Pela transcrição, os convênios rendiam ao deputado "em torno de R$ 65 mil a R$ 70 mil". Segundo o PSOL, o deputado recebia também R$ 15 mil de uma empresa que fornecia refeições para ONGs. Em sua defesa, Bethlem explicou que as gravações apresentadas foram feitas na primeira conversa de negociação de divórcio com a ex-mulher, que foram editadas. O deputado ainda apresentou declaração da ex-mulher ao colegiado. "Ela atesta que todas as informações que encaminhou [às revistas] 'Época' e 'Veja' são fatos inverídicos e descontextualizados", disse ele, e declarou que o documento, reconhecido em cartório, foi entregue pelo advogado de Vanessa Fellipe. O parlamentar ainda apresentou carta assinada pela psiquiatra responsável pelo tratamento da ex-mulher, declarando que Vanessa sofre de um transtorno capaz de provocar distorções da realidade.
Bethlem ressaltou que só teve acesso às denúncias quando foram publicadas pelas revistas, e disse que tudo o que foi dito no dia foi para tentar evitar que a ex-mulher cometesse o suicídio, como ameaçava fazer, incluindo a declaração de uma conta na Suíça. "Foi uma bravata. Nada além disso. Não há nos meus passaportes registro de entrada na Suíça", afirmou. O parlamentar ainda apresentou cópia da declaração de Imposto de Renda, e disse que em 21 anos de política não sai mais rico do que entrou. "Meu patrimônio caiu 40%. Também posso dispor de todas as minhas contas bancárias", disse.
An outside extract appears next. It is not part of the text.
(* Let $\sigma \in (0,\infty]$ be fixed, let $u_\sigma \in \mathcal{T}_\sigma$ be the unique minimizer of $\mathcal{E}_\sigma$ over $\mathcal{T}_\sigma$, and for $h\in(0,h_0]$ let $u_{\sigma,h}$ be the unique minimizer of $\mathcal{E}_\sigma$ over $W_{\sigma,h}$. Assume in addition that there exists a function $Q_p \in C^0([0,\infty)^2)$, independent of $\sigma$, such that the first variation $\mathcal{F}_\sigma(u) \in \mathcal{T}_{-\sigma}$ at $u\in\mathcal{T}_\sigma$, defined by $\langle \mathcal{F}_\sigma(u), w\rangle := \frac{d}{dt}\mathcal{E}_\sigma(u+tw)\big|_{t=0}$ for $w\in\mathcal{T}_\sigma$, satisfies for every $v \in \mathcal{T}_\sigma$: $$\|\mathcal{F}_\sigma(u_\sigma)-\mathcal{F}_\sigma(v)\|_{\mathcal{T}_{-\sigma}} \le Q_p(\|u_\sigma\|_{\mathcal{T}_\sigma},\|v\|_{\mathcal{T}_\sigma}) \begin{cases} |\langle \mathcal{F}_\sigma(u_\sigma)-\mathcal{F}_\sigma(v), u_\sigma - v\rangle|^{\frac{p-1}{p}}, & 1<p<2,\\ |\langle \mathcal{F}_\sigma(u_\sigma)-\mathcal{F}_\sigma(v), u_\sigma - v\rangle|^{1/2}, & p\ge 2,\end{cases}$$ and $$\|u_\sigma - v\|_{\mathcal{T}_\sigma} \le Q_p(\|u_\sigma\|_{\mathcal{T}_\sigma},\|v\|_{\mathcal{T}_\sigma}) \begin{cases} |\langle \mathcal{F}_\sigma(u_\sigma)-\mathcal{F}_\sigma(v), u_\sigma - v\rangle|^{1/2}, & 1<p<2,\\ |\langle \mathcal{F}_\sigma(u_\sigma)-\mathcal{F}_\sigma(v), u_\sigma - v\rangle|^{1/p}, & p\ge 2.\end{cases}$$ Then $u_{\sigma,h} \to u_\sigma$ as $h \to 0$ in the strong topology of $\mathcal{T}_\sigma$, and there exists a constant $C>0$, independent of $h$, such that $$\|u_{\sigma,h}-u_\sigma\|_{\mathcal{T}_\sigma} \le C \begin{cases} \inf_{v_{\sigma,h}\in W_{\sigma,h}} \|v_{\sigma,h}-u_\sigma\|_{\mathcal{T}_\sigma}^{p/2}, & 1<p<2,\\ \inf_{v_{\sigma,h}\in W_{\sigma,h}} \|v_{\sigma,h}-u_\sigma\|_{\mathcal{T}_\sigma}^{2/p}, & p\ge 2.\end{cases}$$
   Context: Setting: $\{\mathcal{T}_\sigma\}_{\sigma\in\mathbb{R}\cup\{\pm\infty\}}$ are reflexive Banach spaces with $\mathcal{T}_{-\sigma}=\mathcal{T}_\sigma^*$ and duality pairing $\langle\cdot,\cdot\rangle$. They satisfy: (uniform embedding) there is $M_1>0$ independent of $\sigma\in(0,\infty]$ with $M_1\|u\|_{\mathcal{T}_0}\le\|u\|_{\mathcal{T}_\sigma}$ for all $u\in\mathcal{T}_\sigma$; (asymptotically compact embedding) any family $\{v_\sigma\in\mathcal{T}_\sigma\}$ with $\|v_\sigma\|_{\mathcal{T}_\sigma}\le C$ is relatively compact in $\mathcal{T}_0$ with limit points in $\mathcal{T}_\infty$. The energies $\mathcal{E}_\sigma:\mathcal{T}_\sigma\to[0,\infty)$, $\sigma\in(0,\infty]$, are convex and $\mathcal{T}_\sigma$-weakly lower semicontinuous, and satisfy: (continuity) there is $\varphi\in C^0([0,\infty)^2)$ with $|\mathcal{E}_\sigma(u)-\mathcal{E}_\sigma(v)|\le\varphi(\|u\|_{\mathcal{T}_\sigma},\|v\|_{\mathcal{T}_\sigma})\|u-v\|_{\mathcal{T}_\sigma}$; (coercivity) there are $p\in(1,\infty)$, $\alpha>0$ independent of $\sigma$, and $\psi\in C^0([0,\infty))$ with $\psi(t)/t^p\to0$ as $t\to\infty$, such that $\alpha\|u\|_{\mathcal{T}_\sigma}^p\le\mathcal{E}_\sigma(u)+\psi(\|u\|_{\mathcal{T}_\sigma})$; (Gamma-convergence) the extensions of $\mathcal{E}_\sigma$ by $+\infty$ on $\mathcal{T}_0\setminus\mathcal{T}_\sigma$ Gamma-converge in the strong topology of $\mathcal{T}_0$ to the extension of $\mathcal{E}_\infty$ as $\sigma\to\infty$. The spaces $W_{\sigma,h}\subset\mathcal{T}_\sigma$, $\sigma\in(0,\infty]$, $h\in(0,h_0]$, are finite-dimensional closed subspaces with $\dim\bigcup_{\sigma\in(0,\infty]}W_{\sigma,h}<\infty$, satisfying: for each $\sigma$, every $u\in\mathcal{T}_\sigma$ is the $\mathcal{T}_\sigma$-limit of some $u_n\in W_{\sigma,h_n}$ with $h_n\to0$; $W_{\infty,h}=\mathcal{T}_\infty\cap\bigcup_{\sigma\in(0,\infty]}W_{\sigma,h}$; and an asymptotic approximation property (Gamma-recovery sequences $v_{\sigma_n}$ for elements of $W_{\infty,h}$, resp. $\mathcal{T}_\infty$ when $h=0$, can be approximated in $\mathcal{T}_{\sigma_n}$ by elements of $W_{\sigma_n,h_n}$). Minimizers: $u_\sigma$ minimizes $\mathcal{E}_\sigma$ over $\mathcal{T}_\sigma$, and $u_{\sigma,h}$ minimizes $\mathcal{E}_\sigma$ over $W_{\sigma,h}$; they are unique by convexity. *)

theory Defs
  imports "HOL-Analysis.Analysis"
begin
O deputado Paulo Freire explicou que seu parecer recomendava o início das investigações dos fatos e documentos."Ninguém tem prazer em condenar, nós temos a obrigação de investigar quando existe indício". Para tentar convencer outros deputados, ainda destacou a segurança de Bethlem diante do caso. "O deputado está seguro de que não existem documentos que possam condená-lo. Nós não podemos afirmar isso, porque não tivemos acesso a todas as provas. Se o representado está tão seguro, não existe nenhum temor [diante das investigações]", disse antes de desistir da relatoria.
Freire ainda contrapôs os pareceres dos peritos que analisaram a gravação. "Temos, na acusação, duas revistas conhecidas, de circulação nacional, que vincularam a conversa gravada, e o material já foi analisado por um perito, Ricardo Molina, que declara não existir indício de manipulação fraudulenta", destacou, comparando com parecer apresentado por Bethlem, com atestado de outro técnico, para quem a gravação não é completa.
Mauro Lopes (PMDB-MG) tentou evitar a investigação, apresentando voto em separado, pedindo o arquivamento do processo. "Reconheço a ausência de indícios, e a presente representação não deve prosseguir. Voto pelo arquivamento da representação sob análise", disse. Mas a sugestão de Lopes foi vencida.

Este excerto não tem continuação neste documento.